[Collected data]
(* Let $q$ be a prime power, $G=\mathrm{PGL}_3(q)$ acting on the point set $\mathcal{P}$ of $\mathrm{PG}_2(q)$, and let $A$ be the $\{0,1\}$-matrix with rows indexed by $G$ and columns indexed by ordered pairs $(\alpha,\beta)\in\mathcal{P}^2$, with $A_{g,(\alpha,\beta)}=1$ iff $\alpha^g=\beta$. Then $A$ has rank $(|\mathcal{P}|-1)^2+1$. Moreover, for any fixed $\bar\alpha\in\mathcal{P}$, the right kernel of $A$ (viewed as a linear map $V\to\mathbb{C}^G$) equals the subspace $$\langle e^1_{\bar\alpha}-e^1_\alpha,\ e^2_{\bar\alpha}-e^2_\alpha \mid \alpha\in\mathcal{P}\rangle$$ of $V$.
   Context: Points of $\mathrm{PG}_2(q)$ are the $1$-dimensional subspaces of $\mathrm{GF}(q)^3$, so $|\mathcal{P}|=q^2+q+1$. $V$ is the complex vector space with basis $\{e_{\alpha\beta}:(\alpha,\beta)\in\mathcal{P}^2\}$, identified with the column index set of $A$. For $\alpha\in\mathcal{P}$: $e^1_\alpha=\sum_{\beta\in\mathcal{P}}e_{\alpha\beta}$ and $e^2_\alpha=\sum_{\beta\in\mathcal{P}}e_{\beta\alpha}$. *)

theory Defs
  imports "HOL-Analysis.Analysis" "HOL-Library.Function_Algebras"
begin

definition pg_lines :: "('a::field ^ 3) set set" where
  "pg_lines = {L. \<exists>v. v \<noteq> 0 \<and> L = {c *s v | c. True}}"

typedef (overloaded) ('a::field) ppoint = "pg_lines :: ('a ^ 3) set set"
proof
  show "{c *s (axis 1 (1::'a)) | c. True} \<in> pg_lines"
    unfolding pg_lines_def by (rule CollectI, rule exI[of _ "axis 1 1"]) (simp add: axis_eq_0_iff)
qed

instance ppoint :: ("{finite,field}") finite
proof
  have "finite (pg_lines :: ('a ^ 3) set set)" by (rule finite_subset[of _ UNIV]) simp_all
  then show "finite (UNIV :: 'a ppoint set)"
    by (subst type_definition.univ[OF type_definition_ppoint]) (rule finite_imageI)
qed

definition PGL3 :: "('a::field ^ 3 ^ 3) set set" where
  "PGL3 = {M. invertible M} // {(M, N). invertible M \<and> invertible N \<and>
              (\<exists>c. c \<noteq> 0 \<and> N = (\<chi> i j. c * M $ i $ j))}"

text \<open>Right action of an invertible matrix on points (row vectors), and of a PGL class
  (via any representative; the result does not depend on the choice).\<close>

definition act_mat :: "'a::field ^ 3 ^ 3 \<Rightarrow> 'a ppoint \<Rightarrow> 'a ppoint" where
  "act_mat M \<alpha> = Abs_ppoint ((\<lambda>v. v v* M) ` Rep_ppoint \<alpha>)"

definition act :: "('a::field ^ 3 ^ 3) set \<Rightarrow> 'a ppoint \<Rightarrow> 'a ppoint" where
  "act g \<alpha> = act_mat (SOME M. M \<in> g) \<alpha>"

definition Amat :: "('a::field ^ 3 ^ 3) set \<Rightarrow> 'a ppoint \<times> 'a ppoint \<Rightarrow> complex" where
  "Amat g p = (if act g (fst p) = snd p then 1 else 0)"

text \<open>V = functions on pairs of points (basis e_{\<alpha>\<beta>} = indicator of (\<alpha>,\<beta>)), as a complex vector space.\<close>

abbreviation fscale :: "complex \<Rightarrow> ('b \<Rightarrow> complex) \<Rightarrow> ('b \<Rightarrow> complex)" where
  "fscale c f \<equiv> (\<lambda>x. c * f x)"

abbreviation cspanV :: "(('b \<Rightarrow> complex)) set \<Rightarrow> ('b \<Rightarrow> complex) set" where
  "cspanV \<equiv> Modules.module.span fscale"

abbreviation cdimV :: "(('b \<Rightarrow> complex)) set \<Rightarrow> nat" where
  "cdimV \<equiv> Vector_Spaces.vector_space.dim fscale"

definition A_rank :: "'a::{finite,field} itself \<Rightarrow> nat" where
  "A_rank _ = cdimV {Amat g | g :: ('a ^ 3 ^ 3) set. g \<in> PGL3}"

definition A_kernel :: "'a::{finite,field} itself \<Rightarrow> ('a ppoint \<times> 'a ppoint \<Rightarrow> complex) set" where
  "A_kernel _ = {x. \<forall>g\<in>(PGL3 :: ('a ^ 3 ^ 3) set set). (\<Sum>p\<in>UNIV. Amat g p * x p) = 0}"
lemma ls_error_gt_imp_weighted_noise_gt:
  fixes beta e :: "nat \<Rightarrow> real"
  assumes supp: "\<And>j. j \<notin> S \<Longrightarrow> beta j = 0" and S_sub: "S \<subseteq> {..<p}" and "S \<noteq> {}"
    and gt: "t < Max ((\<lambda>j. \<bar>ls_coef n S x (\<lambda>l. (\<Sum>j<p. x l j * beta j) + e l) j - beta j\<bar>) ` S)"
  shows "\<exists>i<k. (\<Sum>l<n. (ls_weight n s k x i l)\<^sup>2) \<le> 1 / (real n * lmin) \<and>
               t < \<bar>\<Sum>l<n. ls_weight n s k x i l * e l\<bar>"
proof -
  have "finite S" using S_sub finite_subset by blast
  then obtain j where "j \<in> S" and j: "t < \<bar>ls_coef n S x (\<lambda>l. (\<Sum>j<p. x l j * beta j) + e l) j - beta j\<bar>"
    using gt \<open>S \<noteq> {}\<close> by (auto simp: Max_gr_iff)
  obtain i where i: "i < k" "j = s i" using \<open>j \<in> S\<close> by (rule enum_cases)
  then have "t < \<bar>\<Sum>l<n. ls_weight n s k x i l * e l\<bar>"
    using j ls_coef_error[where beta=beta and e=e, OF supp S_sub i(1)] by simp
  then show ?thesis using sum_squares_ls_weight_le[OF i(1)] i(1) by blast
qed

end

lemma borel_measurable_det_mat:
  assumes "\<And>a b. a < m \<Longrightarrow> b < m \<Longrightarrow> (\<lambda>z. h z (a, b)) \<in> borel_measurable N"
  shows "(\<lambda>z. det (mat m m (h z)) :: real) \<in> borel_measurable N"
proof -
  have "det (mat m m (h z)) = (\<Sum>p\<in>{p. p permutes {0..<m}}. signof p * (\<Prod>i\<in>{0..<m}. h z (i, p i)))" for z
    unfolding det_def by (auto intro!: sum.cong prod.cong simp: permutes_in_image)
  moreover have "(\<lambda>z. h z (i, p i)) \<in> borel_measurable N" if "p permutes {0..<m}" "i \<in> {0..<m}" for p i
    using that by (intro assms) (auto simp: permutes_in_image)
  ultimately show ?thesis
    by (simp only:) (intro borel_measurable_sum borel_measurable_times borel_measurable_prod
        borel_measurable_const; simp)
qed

→ The task
All of the lines above that carry the string "basis" need to be found and copied.

→ Task output
   Context: Points of $\mathrm{PG}_2(q)$ are the $1$-dimensional subspaces of $\mathrm{GF}(q)^3$, so $|\mathcal{P}|=q^2+q+1$. $V$ is the complex vector space with basis $\{e_{\alpha\beta}:(\alpha,\beta)\in\mathcal{P}^2\}$, identified with the column index set of $A$. For $\alpha\in\mathcal{P}$: $e^1_\alpha=\sum_{\beta\in\mathcal{P}}e_{\alpha\beta}$ and $e^2_\alpha=\sum_{\beta\in\mathcal{P}}e_{\beta\alpha}$. *)
text \<open>V = functions on pairs of points (basis e_{\<alpha>\<beta>} = indicator of (\<alpha>,\<beta>)), as a complex vector space.\<close>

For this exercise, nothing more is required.